10 December 2011
Re: Transgressions to Come
In this mad world only we the mad are sane.
Transgressions Page on Facebook: The most thought provoking and literary violations of the norm.
Today has been quite frustrating between my own illness and my wife being ill—it seems that everyone’s got things and people in their lives that/whom are ill, sick, not well, and as confused as this damn illness of schizophrenia makes me feel, that I cannot get much of anything done, I perhaps turned my thoughts, art, and work, into a catastrophe—a transgression.
The truth is, at least right now that Life does suck, and in celebration of that, as well as simply because I cannot seem to get myself to write anything all that positive, I have chosen to just post random transgressions, in a blog series called “Porcelain Utopia,” which will run from December 10th 2011 through I believe January 8th or 9th of 2012, coming close to the day I turn 36 years old—the 17th. The series will not consist of anything in the self-help or inspirational genre, but I seem to be losing some cognition, as my life, though I have my good days, it’s just not currently, truly in my heart these days—I cannot get my website running right, and just “fucked up mental psycho bullshit”—that’s how I am used to writing. I have been paid to write like that in the past—my trade, I am a published writer of erotica, and I’ve scheduled some posts along those lines though January.
The truth is this schizophrenia takes away everything the sufferer has, and I want to warn you in advance that I think I might be changing my style, and bring both this blog, and even The Real Me Podcast back to The Transgressive Literature of Jonathan Harnisch: the way it all began. It’s just like, fuck it!
—You know? Who are we kidding? Schizophrenia can go to hell. Switching gears, I might end up changing my mind about all this, and I’m sure I’ll start receiving more hate mail than the wonderful thank yous but—this fucking thing is eating me alive, and the holidays aren’t helping, believe me. I fucking hate the holidays. This site is at about 100,000 hits, and that frightens me, it’s not even been a year, and that’s quite a success.
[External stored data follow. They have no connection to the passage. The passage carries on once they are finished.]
(* Let $\beta$ be a braid on $b$ strands, let $2\le a<b$, let $1\le i\le b-a+1$, and let $$\alpha^{\pm}=(\sigma_i^{\pm1}\sigma_{i+1}^{\pm1}\cdots\sigma_{i+a-2}^{\pm1})^{a}$$ (a positive, respectively negative, full twist on the $a$ strands in positions $i,\dots,i+a-1$). For $m\ge 1$ let $L^m_{\pm}$ denote the transverse link given by the closure of $\beta(\alpha^{\pm})^m$. Then (for each choice of sign) there is some $N$ such that for all $m>N$, $\psi(L^m_{\pm})=0$ if and only if $\psi(L^{m+1}_{\pm})=0$. Similarly, for all such $m$, $\psi'(L^m_{\pm})=0$ if and only if $\psi'(L^{m+1}_{\pm})=0$.
   Context: $B_b$ is the Artin braid group with standard generators $\sigma_1,\dots,\sigma_{b-1}$; closures of braids are transverse links in the standard contact $S^3$. Khovanov complex conventions: for an oriented diagram with $n_\pm$ positive/negative crossings, generators are Kauffman states (a $0$- or $1$-resolution at each crossing) with each resulting circle labelled $v_+$ or $v_-$; homological grading $i=r-n_-$ ($r$ = number of $1$-resolutions), quantum grading $j=p+i+n_+-n_-$ where $p$ = (number of $v_+$) − (number of $v_-$); the differential uses the standard merge/split maps. $\psi(\hat\beta)$ (Plamenevskaya's invariant) is the Khovanov homology class of the generator labelling every circle $v_-$ in the oriented resolution of the closed braid diagram (the $0$-resolution at positive crossings, the $1$-resolution at negative crossings). $\psi'$ is the analogous class in reduced Khovanov homology over $\mathbb{Z}/2\mathbb{Z}$ (quotient by generators with $v_-$ on the circle through a marked point), given by labelling the marked circle $v_+$ and all other circles $v_-$ in the oriented resolution. *)

theory Defs
  imports Main
begin

(* Braid words.  A letter (k, True) is sigma_k, (k, False) is sigma_k^-1. *)
type_synonym bword = "(nat \<times> bool) list"

definition braid_word :: "nat \<Rightarrow> bword \<Rightarrow> bool" where
  "braid_word b w \<longleftrightarrow> (\<forall>l\<in>set w. 1 \<le> fst l \<and> fst l < b)"

definition full_twist :: "nat \<Rightarrow> nat \<Rightarrow> bool \<Rightarrow> bword" where
  "full_twist a i e = concat (replicate a (map (\<lambda>k. (k, e)) [i..<i + a - 1]))"

(* The crossing number t (0 <= t < length w) lies between level t and
   level (t+1) mod length w (levels are cyclic because of the closure).
   A point (t,x) is the intersection of the diagram with level t at strand
   position x, 1 <= x <= b.  A state s is the set of crossings given the
   1-resolution.                                                       *)
definition pts :: "bword \<Rightarrow> nat \<Rightarrow> (nat \<times> nat) set" where
  "pts w b = {0..<length w} \<times> {1..b}"

definition nxt :: "bword \<Rightarrow> nat \<Rightarrow> nat" where
  "nxt w t = Suc t mod length w"

(* positive crossing: 0-resolution is the oriented (vertical) smoothing;
   negative crossing: 1-resolution is the oriented (vertical) smoothing *)
definition vertical :: "bword \<Rightarrow> nat set \<Rightarrow> nat \<Rightarrow> bool" where
  "vertical w s t \<longleftrightarrow> (snd (w ! t) \<longleftrightarrow> t \<notin> s)"

definition res_edge :: "bword \<Rightarrow> nat set \<Rightarrow> nat \<times> nat \<Rightarrow> nat \<times> nat \<Rightarrow> bool" where
  "res_edge w s p q \<longleftrightarrow>
     (\<exists>t < length w. let k = fst (w ! t) in
        \<comment> \<open>strands not involved in crossing t, and the vertical (oriented) smoothing\<close>
        (\<exists>x. p = (t, x) \<and> q = (nxt w t, x) \<and> (x \<noteq> k \<and> x \<noteq> k + 1 \<or> vertical w s t))
        \<comment> \<open>the horizontal smoothing: upper arc at level t, lower arc at level t+1\<close>
      \<or> (\<not> vertical w s t \<and>
          ((p = (t, k) \<and> q = (t, k + 1)) \<or> (p = (nxt w t, k) \<and> q = (nxt w t, k + 1)))))"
I’m not used to success. Success frightens me. I need a goddamn break—A fucking fix; a change with all of this.
Other than that—relate with me through the transgressions of Sz, or just never mind me. It’s just one of those days, where I feel like redefining this whole “stay real and positive” thing. It really only goes all so far; the shit always returns.
So there it is—boy do I hate posting this kind of material, in a way—I know it’s likely startling—and what’s about to come; just rubbish—Henry Miller/Kathy Acker kind of ‘junk.’ The inspiration is just no longer here.
Again this has nothing to do with anyone but myself. I simply feel like a failure, and I can’t seem to function right, as much as I try. So—there goes my positive public image—and to my wife, if you think it’s better for me to take this post and all the scheduled posts down, I can log you in, but I’ll need someone else to keep the inspiration going until I “return.” Basically I think I’m pretty much done with all of this—the site, the image, the damn holidays—the sickness. To hell with this schizophrenic psycho bullshit—how’s that for being real? Also for being the real dick that anyone who has known me [from my much darker past] to remember me by—I have not changed underneath the veil of being a ‘wanna-be.’ So, that’s where I am.